**WORK INSTRUCTIONS:** Transcribe the data in full; each line must match exactly.

**Excerpts from a dataset:**
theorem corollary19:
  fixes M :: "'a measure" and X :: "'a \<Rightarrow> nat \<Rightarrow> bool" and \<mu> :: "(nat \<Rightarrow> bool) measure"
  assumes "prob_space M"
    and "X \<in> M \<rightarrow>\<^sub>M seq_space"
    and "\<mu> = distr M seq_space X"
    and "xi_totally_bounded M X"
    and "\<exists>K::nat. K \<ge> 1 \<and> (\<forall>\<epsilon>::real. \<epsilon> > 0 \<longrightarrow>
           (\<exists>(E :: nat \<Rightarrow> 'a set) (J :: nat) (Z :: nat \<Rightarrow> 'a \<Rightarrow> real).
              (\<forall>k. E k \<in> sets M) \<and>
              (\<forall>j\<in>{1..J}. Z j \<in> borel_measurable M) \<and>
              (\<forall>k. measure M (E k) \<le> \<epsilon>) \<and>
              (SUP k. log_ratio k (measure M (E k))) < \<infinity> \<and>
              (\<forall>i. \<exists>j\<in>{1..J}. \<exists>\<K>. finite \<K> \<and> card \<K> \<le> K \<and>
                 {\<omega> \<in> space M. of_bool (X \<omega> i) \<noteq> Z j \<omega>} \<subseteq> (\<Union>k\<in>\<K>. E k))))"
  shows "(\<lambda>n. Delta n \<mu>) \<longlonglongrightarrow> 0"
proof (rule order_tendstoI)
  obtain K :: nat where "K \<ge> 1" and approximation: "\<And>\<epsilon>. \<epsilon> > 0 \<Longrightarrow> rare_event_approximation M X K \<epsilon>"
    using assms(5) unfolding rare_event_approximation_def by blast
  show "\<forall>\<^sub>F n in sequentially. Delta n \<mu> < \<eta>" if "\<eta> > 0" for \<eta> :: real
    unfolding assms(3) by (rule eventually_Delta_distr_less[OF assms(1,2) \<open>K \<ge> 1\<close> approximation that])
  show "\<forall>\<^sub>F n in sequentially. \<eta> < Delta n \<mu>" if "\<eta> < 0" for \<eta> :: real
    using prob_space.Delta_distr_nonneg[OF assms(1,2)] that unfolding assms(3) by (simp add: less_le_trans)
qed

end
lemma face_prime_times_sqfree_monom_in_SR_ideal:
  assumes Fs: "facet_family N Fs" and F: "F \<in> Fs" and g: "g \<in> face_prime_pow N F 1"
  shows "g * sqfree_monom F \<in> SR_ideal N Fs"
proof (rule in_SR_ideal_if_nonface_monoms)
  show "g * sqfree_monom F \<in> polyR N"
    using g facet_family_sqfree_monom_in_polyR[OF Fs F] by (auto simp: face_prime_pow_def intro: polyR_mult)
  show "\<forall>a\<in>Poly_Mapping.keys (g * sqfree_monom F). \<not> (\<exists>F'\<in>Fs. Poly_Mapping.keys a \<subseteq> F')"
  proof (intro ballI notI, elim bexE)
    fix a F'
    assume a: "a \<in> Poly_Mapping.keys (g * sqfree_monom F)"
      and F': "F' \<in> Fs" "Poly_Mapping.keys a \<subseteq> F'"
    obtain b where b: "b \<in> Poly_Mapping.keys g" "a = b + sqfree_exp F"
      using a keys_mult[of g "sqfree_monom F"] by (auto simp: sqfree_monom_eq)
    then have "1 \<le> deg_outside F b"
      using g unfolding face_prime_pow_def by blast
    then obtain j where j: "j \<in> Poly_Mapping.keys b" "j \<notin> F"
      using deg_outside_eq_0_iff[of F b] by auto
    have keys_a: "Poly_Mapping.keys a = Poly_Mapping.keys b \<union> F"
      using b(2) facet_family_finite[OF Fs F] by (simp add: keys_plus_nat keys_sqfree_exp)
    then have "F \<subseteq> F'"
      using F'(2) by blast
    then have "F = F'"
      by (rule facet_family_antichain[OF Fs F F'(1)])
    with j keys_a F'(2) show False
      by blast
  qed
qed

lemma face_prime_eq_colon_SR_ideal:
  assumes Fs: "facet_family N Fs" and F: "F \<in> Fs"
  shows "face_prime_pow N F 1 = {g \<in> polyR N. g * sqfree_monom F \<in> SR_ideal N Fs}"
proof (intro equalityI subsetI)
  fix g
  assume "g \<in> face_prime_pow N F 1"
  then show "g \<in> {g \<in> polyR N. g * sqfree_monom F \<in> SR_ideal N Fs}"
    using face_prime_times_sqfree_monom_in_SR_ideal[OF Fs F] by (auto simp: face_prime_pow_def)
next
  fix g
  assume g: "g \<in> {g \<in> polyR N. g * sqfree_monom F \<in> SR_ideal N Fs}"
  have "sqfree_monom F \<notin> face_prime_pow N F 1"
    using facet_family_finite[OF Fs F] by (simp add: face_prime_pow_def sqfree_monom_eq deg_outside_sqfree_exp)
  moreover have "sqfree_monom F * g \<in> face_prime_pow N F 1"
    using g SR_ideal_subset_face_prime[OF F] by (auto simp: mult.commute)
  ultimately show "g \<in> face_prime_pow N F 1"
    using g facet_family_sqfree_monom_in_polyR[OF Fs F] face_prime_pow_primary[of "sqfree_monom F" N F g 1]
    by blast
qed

**SOLVED PROBLEM:**
theorem corollary19:
  fixes M :: "'a measure" and X :: "'a \<Rightarrow> nat \<Rightarrow> bool" and \<mu> :: "(nat \<Rightarrow> bool) measure"
  assumes "prob_space M"
    and "X \<in> M \<rightarrow>\<^sub>M seq_space"
    and "\<mu> = distr M seq_space X"
    and "xi_totally_bounded M X"
    and "\<exists>K::nat. K \<ge> 1 \<and> (\<forall>\<epsilon>::real. \<epsilon> > 0 \<longrightarrow>
           (\<exists>(E :: nat \<Rightarrow> 'a set) (J :: nat) (Z :: nat \<Rightarrow> 'a \<Rightarrow> real).
              (\<forall>k. E k \<in> sets M) \<and>
              (\<forall>j\<in>{1..J}. Z j \<in> borel_measurable M) \<and>
              (\<forall>k. measure M (E k) \<le> \<epsilon>) \<and>
              (SUP k. log_ratio k (measure M (E k))) < \<infinity> \<and>
              (\<forall>i. \<exists>j\<in>{1..J}. \<exists>\<K>. finite \<K> \<and> card \<K> \<le> K \<and>
                 {\<omega> \<in> space M. of_bool (X \<omega> i) \<noteq> Z j \<omega>} \<subseteq> (\<Union>k\<in>\<K>. E k))))"
  shows "(\<lambda>n. Delta n \<mu>) \<longlonglongrightarrow> 0"
proof (rule order_tendstoI)
  obtain K :: nat where "K \<ge> 1" and approximation: "\<And>\<epsilon>. \<epsilon> > 0 \<Longrightarrow> rare_event_approximation M X K \<epsilon>"
    using assms(5) unfolding rare_event_approximation_def by blast
  show "\<forall>\<^sub>F n in sequentially. Delta n \<mu> < \<eta>" if "\<eta> > 0" for \<eta> :: real
    unfolding assms(3) by (rule eventually_Delta_distr_less[OF assms(1,2) \<open>K \<ge> 1\<close> approximation that])
  show "\<forall>\<^sub>F n in sequentially. \<eta> < Delta n \<mu>" if "\<eta> < 0" for \<eta> :: real
    using prob_space.Delta_distr_nonneg[OF assms(1,2)] that unfolding assms(3) by (simp add: less_le_trans)
qed

end
lemma face_prime_times_sqfree_monom_in_SR_ideal:
  assumes Fs: "facet_family N Fs" and F: "F \<in> Fs" and g: "g \<in> face_prime_pow N F 1"
  shows "g * sqfree_monom F \<in> SR_ideal N Fs"
proof (rule in_SR_ideal_if_nonface_monoms)
  show "g * sqfree_monom F \<in> polyR N"
    using g facet_family_sqfree_monom_in_polyR[OF Fs F] by (auto simp: face_prime_pow_def intro: polyR_mult)
  show "\<forall>a\<in>Poly_Mapping.keys (g * sqfree_monom F). \<not> (\<exists>F'\<in>Fs. Poly_Mapping.keys a \<subseteq> F')"
  proof (intro ballI notI, elim bexE)
    fix a F'
    assume a: "a \<in> Poly_Mapping.keys (g * sqfree_monom F)"
      and F': "F' \<in> Fs" "Poly_Mapping.keys a \<subseteq> F'"
    obtain b where b: "b \<in> Poly_Mapping.keys g" "a = b + sqfree_exp F"
      using a keys_mult[of g "sqfree_monom F"] by (auto simp: sqfree_monom_eq)
    then have "1 \<le> deg_outside F b"
      using g unfolding face_prime_pow_def by blast
    then obtain j where j: "j \<in> Poly_Mapping.keys b" "j \<notin> F"
      using deg_outside_eq_0_iff[of F b] by auto
    have keys_a: "Poly_Mapping.keys a = Poly_Mapping.keys b \<union> F"
      using b(2) facet_family_finite[OF Fs F] by (simp add: keys_plus_nat keys_sqfree_exp)
    then have "F \<subseteq> F'"
      using F'(2) by blast
    then have "F = F'"
      by (rule facet_family_antichain[OF Fs F F'(1)])
    with j keys_a F'(2) show False
      by blast
  qed
qed

lemma face_prime_eq_colon_SR_ideal:
  assumes Fs: "facet_family N Fs" and F: "F \<in> Fs"
  shows "face_prime_pow N F 1 = {g \<in> polyR N. g * sqfree_monom F \<in> SR_ideal N Fs}"
proof (intro equalityI subsetI)
  fix g
  assume "g \<in> face_prime_pow N F 1"
  then show "g \<in> {g \<in> polyR N. g * sqfree_monom F \<in> SR_ideal N Fs}"
    using face_prime_times_sqfree_monom_in_SR_ideal[OF Fs F] by (auto simp: face_prime_pow_def)
next
  fix g
  assume g: "g \<in> {g \<in> polyR N. g * sqfree_monom F \<in> SR_ideal N Fs}"
  have "sqfree_monom F \<notin> face_prime_pow N F 1"
    using facet_family_finite[OF Fs F] by (simp add: face_prime_pow_def sqfree_monom_eq deg_outside_sqfree_exp)
  moreover have "sqfree_monom F * g \<in> face_prime_pow N F 1"
    using g SR_ideal_subset_face_prime[OF F] by (auto simp: mult.commute)
  ultimately show "g \<in> face_prime_pow N F 1"
    using g facet_family_sqfree_monom_in_polyR[OF Fs F] face_prime_pow_primary[of "sqfree_monom F" N F g 1]
    by blast
qed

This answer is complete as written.